(* Let $\Omega_{1/2}=\{\operatorname{Re}(s)>\tfrac12\}\setminus[\tfrac12,1]$. The following are equivalent: (1) The Riemann hypothesis holds, i.e. $\zeta(s)\ne0$ for $\operatorname{Re}(s)>\tfrac12$. (2) For every arithmetical list $M\subset\mathbb{P}$, the function $\frac{d}{ds}\eta_M(s)$ extends analytically to $\Omega_{1/2}$. (3) The function $s\mapsto\int_2^{\infty}\frac{\pi(t)\ln t}{t^{s+1}}\,dt$ (defined for $\operatorname{Re}(s)>1$) extends to an analytic function on $\Omega_{1/2}$.
   Context: Let $p_1=2<p_2=3<\dots$ be the primes in increasing order, $\mathbb{P}$ the set of primes, and $\pi(t)$ the number of primes $\le t$. An arithmetical list of reason $r\ge1$ is a set $M=\{p_{r_0+jr}:j\ge0\}$ for some integer $1\le r_0\le r$. $\eta_M(s)=\sum_{p\in M}p^{-s}$ for $\operatorname{Re}(s)>1$. Extension means agreement with the given function on $\{\operatorname{Re}(s)>1\}$. *)

theory Defs
  imports "HOL-Complex_Analysis.Complex_Analysis" "HOL-Computational_Algebra.Primes"
    "HOL-Library.Infinite_Set"
begin

text \<open>The k-th prime, 1-indexed: p_1 = 2, p_2 = 3, ...\<close>
definition nth_prime1 :: "nat \<Rightarrow> nat" where
  "nth_prime1 k = enumerate {p::nat. prime p} (k - 1)"

definition arith_list :: "nat \<Rightarrow> nat \<Rightarrow> nat set" where
  "arith_list r r0 = {nth_prime1 (r0 + j * r) | j. True}"

definition is_arith_list :: "nat set \<Rightarrow> bool" where
  "is_arith_list M \<longleftrightarrow> (\<exists>r r0. 1 \<le> r \<and> 1 \<le> r0 \<and> r0 \<le> r \<and> M = arith_list r r0)"

text \<open>eta_M(s) = sum over p in M of p^(-s) (meaningful for Re s > 1).\<close>
definition eta_M :: "nat set \<Rightarrow> complex \<Rightarrow> complex" where
  "eta_M M s = (\<Sum>\<^sub>\<infinity>p\<in>M. of_nat p powr (- s))"

definition prime_pi :: "real \<Rightarrow> nat" where
  "prime_pi t = card {p::nat. prime p \<and> real p \<le> t}"

text \<open>The Riemann zeta function on Re s > 0, s \<noteq> 1, as the (unique) analytic
  continuation of the Dirichlet series sum n^(-s) from Re s > 1.\<close>
definition riemann_zeta :: "complex \<Rightarrow> complex" where
  "riemann_zeta = (SOME f. f holomorphic_on ({s. Re s > 0} - {1}) \<and>
      (\<forall>s. Re s > 1 \<longrightarrow> f s = (\<Sum>n. of_nat (Suc n) powr (- s))))"

definition Omega_half :: "complex set" where
  "Omega_half = {s. Re s > 1/2} - complex_of_real ` {1/2..1}"

end

theory Submission
  imports Defs "HOL-Number_Theory.Prime_Powers" "HOL-Real_Asymp.Real_Asymp"
begin

text \<open>Let \<open>P(s) = \<Sum>\<^sub>p p\<^sup>-\<^sup>s\<close> and \<open>Q(s) = -P'(s) = \<Sum>\<^sub>p ln p p\<^sup>-\<^sup>s\<close> (\<open>prime_zeta\<close>,
  \<open>prime_log_zeta\<close>). Expanding the von Mangoldt function over prime powers gives
  \<open>-\<zeta>'/\<zeta> = Q + R\<close> on \<open>Re s > 1\<close>, where \<open>R\<close> (\<open>prime_power_log_zeta\<close>) collects the prime powers
  \<open>p\<^sup>k\<close> with \<open>k \<ge> 2\<close> and is holomorphic on \<open>Re s > 1/2\<close>. Hence if \<open>\<zeta>\<close> has no zeros with
  \<open>Re s > 1/2\<close>, then \<open>Q\<close> extends to \<open>\<Omega>\<^sub>1\<^sub>/\<^sub>2\<close>. Conversely, if \<open>Q\<close> extends, then
  \<open>\<zeta>' + (Q + R) \<zeta> = 0\<close> on \<open>\<Omega>\<^sub>1\<^sub>/\<^sub>2\<close>, so \<open>\<zeta> exp(\<integral>(Q + R))\<close> is constant and \<open>\<zeta>\<close> has no zeros
  there, while on the remaining segment \<open>(1/2, 1)\<close> the continuation of \<open>\<zeta>\<close> is negative.

  The other two conditions are equivalent to the extendability of \<open>Q\<close> as well: for an arithmetical
  list \<open>M\<close> of reason \<open>r\<close>, \<open>r \<eta>\<^sub>M' + Q\<close> extends holomorphically to \<open>Re s > 1/2\<close>, and by Abel
  summation the integral equals \<open>P(s)/s\<^sup>2 + Q(s)/s\<close>.\<close>

lemma holomorphic_on_suminf_local:
  fixes f :: "nat \<Rightarrow> complex \<Rightarrow> complex"
  assumes S: "open S" and hol: "\<And>n. f n holomorphic_on S"
    and bound: "\<And>x. x \<in> S \<Longrightarrow> \<exists>d h. 0 < d \<and> summable h \<and> (\<forall>n. \<forall>y\<in>ball x d \<inter> S. norm (f n y) \<le> h n)"
  shows "(\<lambda>x. \<Sum>n. f n x) holomorphic_on S" and "\<And>x. x \<in> S \<Longrightarrow> summable (\<lambda>n. f n x)"
proof -
  have to_g: "\<exists>d h. 0 < d \<and> summable h \<and> (\<forall>\<^sub>F n in sequentially. \<forall>y\<in>ball x d \<inter> S. norm (f n y) \<le> h n)"
    if x: "x \<in> S" for x
  proof -
    obtain d h where "0 < d" "summable h" "\<forall>n. \<forall>y\<in>ball x d \<inter> S. norm (f n y) \<le> h n"
      using bound[OF x] by blast
    then show ?thesis by (intro exI[of _ d] exI[of _ h]) (auto intro: always_eventually)
  qed
  obtain g g' where gg: "\<forall>x \<in> S. ((\<lambda>n. f n x) sums g x) \<and> ((\<lambda>n. deriv (f n) x) sums g' x) \<and>
      (g has_field_derivative g' x) (at x)"
    using series_and_derivative_comparison_local[OF S holomorphic_derivI[OF hol S] to_g] by blast
  show "(\<lambda>x. \<Sum>n. f n x) holomorphic_on S"
    unfolding holomorphic_on_open[OF S]
  proof
    fix x assume x: "x \<in> S"
    have "(g has_field_derivative g' x) (at x)" using gg x by blast
    then have "((\<lambda>x. \<Sum>n. f n x) has_field_derivative g' x) (at x)"
      by (rule has_field_derivative_transform_within_open[OF _ S x]) (use gg sums_unique in auto)
    then show "\<exists>f'. ((\<lambda>x. \<Sum>n. f n x) has_field_derivative f') (at x)" ..
  qed
  show "\<And>x. x \<in> S \<Longrightarrow> summable (\<lambda>n. f n x)" using gg sums_summable by blast
qed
══════
What the exercise asks
What you return should be exactly the lines above, starting at the one with "using series_and_derivative_comparison_local[OF S" and ending at the one with "gg x by blast", and nothing else.

Worked solution
    using series_and_derivative_comparison_local[OF S holomorphic_derivI[OF hol S] to_g] by blast
  show "(\<lambda>x. \<Sum>n. f n x) holomorphic_on S"
    unfolding holomorphic_on_open[OF S]
  proof
    fix x assume x: "x \<in> S"
    have "(g has_field_derivative g' x) (at x)" using gg x by blast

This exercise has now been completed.